Purchase orders (POs) are critical documents in business operations. They ensure clear communication between buyers and sellers, detailing the goods or services, pricing, and other contractual terms. With the rise of digitization, extracting data from purchase orders efficiently has become essential for modern businesses. Both b2b and b2c business scenarios use a purchase order to facilitate clear communication between two parties. It helps in maintaining important information related to the transaction of goods between two parties. This guide explores how to extract data from purchase orders, focusing on tools like purchase order OCR and strategies to streamline the process.
A purchase order (PO) is a written document issued by a buyer to a seller that indicates the type, quantity, and agreed price for products or services by two parties. It plays a very crucial role in ensuring smooth procurement operations and is a legally binding document once accepted by the seller. In simple terms, a purchase order (PO) document describes what goods have been requested by the buyer to sellers to confirm their interest in procuring goods and services.
Key Elements of a Purchase Order
- PO Number: A unique identifier.
- Buyer and Seller Information: Contact details and addresses.
- Order Details: Description, quantity, and price of items.
- Delivery Terms: Shipping method, destination, and date.
- Payment Terms: Agreed payment timelines and methods.
Manually managing this information is time consuming, especially for businesses handling large volumes of POs.
Relying on manual methods to extract and process data from purchase orders leads to many challenges for businesses.
Time Consuming: Extracting data from a purchase order manually is a time-consuming task. If you have to extract data from a single page document, then manually it can take hours, but using a purchase order app for data extraction only takes 5 to 10 minutes.
Error Prone: One of the biggest challenges with manually extracting data from a purchase order is that it is prone to error. The most common human errors, such as typos or missed fields, can disrupt workflows and lead to costly mistakes. Due to the high volume of data, errors tend to happen if data is being extracted with manual method.
Scalability Issues: As businesses grow, manually processing hundreds or thousands of purchase orders becomes unsustainable. The manual processing of 100 purchase order documents can slow down the productivity of an organization, which can lead to other challenges, such as loss of profit and time.
Resource Intensive
Manual methods require significant labour, which leads to a rise in operational costs. To overcome these challenges, businesses are turning to automation tools like purchase order OCR technology. Since the purchase order OCR technology requires very little or no human intervention.
Purchase Order OCR (Optical Character Recognition) is a technology that captures and converts a printed or handwritten text into machine-readable data. This type of OCR technology is built and trained to capture and extract data such as vendor name, buyer name, date, amount, address, and other information from a PO document. You can save this extracted data in Excel, CSV, JSON, or another file format. With the help of purchase order OCR technology, businesses can significantly save time and money and scale their business to greater heights. The advent of AI OCR tools such as AlgoDocs Purchase Order OCR has made data extraction from purchase orders more accurate and productive.

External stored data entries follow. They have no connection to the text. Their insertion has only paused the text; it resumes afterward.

definition xvar :: "nat \<Rightarrow> elt" where
  "xvar j = mono (\<lambda>l. if l = j then 1 else 0, {})"

definition swapexp :: "nat \<Rightarrow> (nat \<Rightarrow> nat) \<Rightarrow> (nat \<Rightarrow> nat)" where
  "swapexp i a = (\<lambda>l. a (if l = i then i + 1 else if l = i + 1 then i else l))"

text \<open>Image of the monomial x^a omega_S under s_i (the ring automorphism with
  s_i(x_j) = x_{s_i(j)}, s_i(omega_j) = omega_j + delta_{ij}(x_i - x_{i+1}) omega_{i+1}).\<close>
definition simg :: "nat \<Rightarrow> mon \<Rightarrow> elt" where
  "simg i m = (let a' = swapexp i (fst m); S = snd m in
     radd (mono (a', S))
       (if i \<in> S \<and> i + 1 \<notin> S
        then rmul (radd (xvar i) (rneg (xvar (i + 1)))) (mono (a', insert (i + 1) (S - {i})))
        else rzero))"

definition sact :: "nat \<Rightarrow> elt \<Rightarrow> elt" where
  "sact i c = lin (simg i) c"

definition dem :: "nat \<Rightarrow> nat \<Rightarrow> elt \<Rightarrow> elt" where
  "dem n i c = (THE g. g \<in> Rn n \<and>
      rmul (radd (xvar i) (rneg (xvar (i + 1)))) g = radd c (rneg (sact i c)))"

text \<open>S_n-invariants (S_n is generated by s_1, ..., s_{n-1}).\<close>
definition Rinv :: "nat \<Rightarrow> elt set" where
  "Rinv n = {f \<in> Rn n. \<forall>i. 1 \<le> i \<and> i < n \<longrightarrow> sact i f = f}"

text \<open>Operators on R, represented as functions that vanish outside R.\<close>
definition restr :: "nat \<Rightarrow> (elt \<Rightarrow> elt) \<Rightarrow> elt \<Rightarrow> elt" where
  "restr n T = (\<lambda>g. if g \<in> Rn n then T g else rzero)"

definition mulop :: "nat \<Rightarrow> elt \<Rightarrow> elt \<Rightarrow> elt" where
  "mulop n f = restr n (rmul f)"

definition demop :: "nat \<Rightarrow> nat \<Rightarrow> elt \<Rightarrow> elt" where
  "demop n i = restr n (dem n i)"

definition idop :: "nat \<Rightarrow> elt \<Rightarrow> elt" where
  "idop n = restr n id"

definition zeroop :: "elt \<Rightarrow> elt" where
  "zeroop = (\<lambda>_. rzero)"

definition opadd :: "(elt \<Rightarrow> elt) \<Rightarrow> (elt \<Rightarrow> elt) \<Rightarrow> elt \<Rightarrow> elt" where
  "opadd T U = (\<lambda>g. radd (T g) (U g))"

definition opscale :: "int \<Rightarrow> (elt \<Rightarrow> elt) \<Rightarrow> elt \<Rightarrow> elt" where
  "opscale k T = (\<lambda>g m. k * T g m)"

inductive_set An :: "nat \<Rightarrow> (elt \<Rightarrow> elt) set" for n where
  mul: "f \<in> Rn n \<Longrightarrow> mulop n f \<in> An n"
| dem: "1 \<le> i \<Longrightarrow> i < n \<Longrightarrow> demop n i \<in> An n"
| add: "T \<in> An n \<Longrightarrow> U \<in> An n \<Longrightarrow> opadd T U \<in> An n"
| comp: "T \<in> An n \<Longrightarrow> U \<in> An n \<Longrightarrow> T \<circ> U \<in> An n"

text \<open>Bigrading: deg x_j = (2,0), deg omega_j = (-2j, 2).\<close>
definition mdeg :: "mon \<Rightarrow> int \<times> int" where
  "mdeg m = (2 * int (\<Sum>j\<in>{j. fst m j \<noteq> 0}. fst m j) - (\<Sum>j\<in>snd m. 2 * int j),
             2 * int (card (snd m)))"

definition homR :: "nat \<Rightarrow> int \<times> int \<Rightarrow> elt \<Rightarrow> bool" where
  "homR n d c \<longleftrightarrow> c \<in> Rn n \<and> (\<forall>m\<in>supp c. mdeg m = d)"

definition hom_op :: "nat \<Rightarrow> int \<times> int \<Rightarrow> (elt \<Rightarrow> elt) \<Rightarrow> bool" where
  "hom_op n d T \<longleftrightarrow>
     (\<forall>e c. homR n e c \<longrightarrow> homR n (fst d + fst e, snd d + snd e) (T c))"

text \<open>Parity of bidegree (a,b): omega's are odd and have second degree 2.\<close>
definition par :: "int \<times> int \<Rightarrow> nat" where
  "par d = nat ((snd d div 2) mod 2)"

definition HZ :: "nat \<Rightarrow> (elt \<Rightarrow> elt) set" where
  "HZ n = {x \<in> An n. \<exists>d. hom_op n d x \<and>
      (\<forall>a\<in>An n. \<forall>e. hom_op n e a \<longrightarrow>
          x \<circ> a = opscale ((-1) ^ (par d * par e)) (a \<circ> x))}"

inductive_set Zs :: "nat \<Rightarrow> (elt \<Rightarrow> elt) set" for n where
  zero: "zeroop \<in> Zs n"
| add: "x \<in> HZ n \<Longrightarrow> y \<in> Zs n \<Longrightarrow> opadd x y \<in> Zs n"

end

theory Submission
  imports Defs "HOL-Library.Function_Algebras"
begin

text \<open>Multiplication by an S_n-invariant f supercommutes with the multiplication
  operators because R is supercommutative, and with each Demazure operator d_i because
  d_i(f g) = f d_i(g) whenever s_i f = f.  Conversely, a homogeneous supercentral operator x
  is multiplication by h = x(1): supercommuting with multiplication by g gives
  x(g) = +-(g h), which is h g by supercommutativity (the two signs agree), and commuting
  with the even operator d_i gives d_i h = x(d_i 1) = 0, i.e. s_i h = h.  Since every
  invariant is the sum of its homogeneous components, which are again invariant,
  f |-> (multiplication by f) maps the invariants onto the supercenter; it is injective
  (evaluate at 1), multiplicative and preserves degrees.

  Most of the work concerns the concrete model: R is an associative supercommutative ring,
  s_i is a ring endomorphism, and d_i is well defined because x_i - x_(i+1) is a
  non-zero-divisor that divides f - s_i f.\<close>

lemma radd_eq: "radd c d = c + d" by (simp add: radd_def fun_eq_iff)
lemma rneg_eq: "rneg c = - c" by (simp add: rneg_def fun_eq_iff)
lemma rzero_eq: "rzero = 0" by (simp add: rzero_def fun_eq_iff)

definition zscale :: "int \<Rightarrow> elt \<Rightarrow> elt" where "zscale k c = (\<lambda>m. k * c m)"

lemma sum_apply: "(\<Sum>a\<in>A. F a) m = (\<Sum>a\<in>A. F a m)"
  for F :: "'b \<Rightarrow> 'c \<Rightarrow> 'd::comm_monoid_add"
  by (induction A rule: infinite_finite_induct) auto

lemma Rn_zero: "0 \<in> Rn n" by (simp add: Rn_def supp_def)

lemma Rn_add: "c \<in> Rn n \<Longrightarrow> d \<in> Rn n \<Longrightarrow> c + d \<in> Rn n"
proof -
  assume "c \<in> Rn n" "d \<in> Rn n"
  moreover have "supp (c + d) \<subseteq> supp c \<union> supp d" by (auto simp: supp_def)
  ultimately show ?thesis unfolding Rn_def by (auto intro: finite_subset)
qed

lemma Rn_uminus: "c \<in> Rn n \<Longrightarrow> - c \<in> Rn n"
  by (simp add: Rn_def supp_def)

lemma Rn_diff: "c \<in> Rn n \<Longrightarrow> d \<in> Rn n \<Longrightarrow> c - d \<in> Rn n"
  using Rn_add[of c n "- d"] Rn_uminus[of d n] by simp

lemma supp_zscale: "supp (zscale k c) \<subseteq> supp c" by (auto simp: supp_def zscale_def)

lemma Rn_zscale: "c \<in> Rn n \<Longrightarrow> zscale k c \<in> Rn n"
  using supp_zscale[of k c] unfolding Rn_def by (auto intro: finite_subset)

lemma supp_mono: "supp (mono k) = {k}" by (auto simp: supp_def mono_def)

lemma Rn_mono: "valid_mon n k \<Longrightarrow> mono k \<in> Rn n"
  by (simp add: Rn_def supp_mono)

lemma Rn_sum: "(\<And>a. a \<in> A \<Longrightarrow> G a \<in> Rn n) \<Longrightarrow> sum G A \<in> Rn n"
  by (induction A rule: infinite_finite_induct) (auto simp: Rn_zero Rn_add)

lemma Rn_finite_supp: "c \<in> Rn n \<Longrightarrow> finite (supp c)" by (simp add: Rn_def)
lemma Rn_valid_mon: "c \<in> Rn n \<Longrightarrow> m \<in> supp c \<Longrightarrow> valid_mon n m" by (simp add: Rn_def)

Purchase Order OCR (Optical Character Recognition) is a technology that streamlines the extraction of information from purchase orders. It works by scanning documents in various formats—such as PDFs, images, or scanned papers—and recognizing text to extract key data like order numbers, item descriptions, quantities, prices, and delivery dates. The data is subsequently organized into a structured format, facilitating seamless integration into procurement systems. Automating this process allows Purchase Order OCR to decrease manual data entry, reduce errors, and improve the efficiency of the procurement workflow.
Scanning Documents: Paper POs are digitized using scanners.
Data Recognition: The OCR engine identifies text fields such as PO numbers, item descriptions, and quantities.
Data Extraction: The software extracts relevant fields and organizes them into a structured format.
Integration: The extracted data is transferred into systems like ERP or accounting software.
Algodocs is an AI-based purchase order OCR app that extracts data from PO documents. AlgoDocs uses AI technology to automate data extraction from pdfs, scanned documents, and handwritten notes. You can build your own extractor in Algodocs and train the AI model to capture, analyze, and process the data from a document. You can integrate Algodocs with third-party apps for document processing and data extraction.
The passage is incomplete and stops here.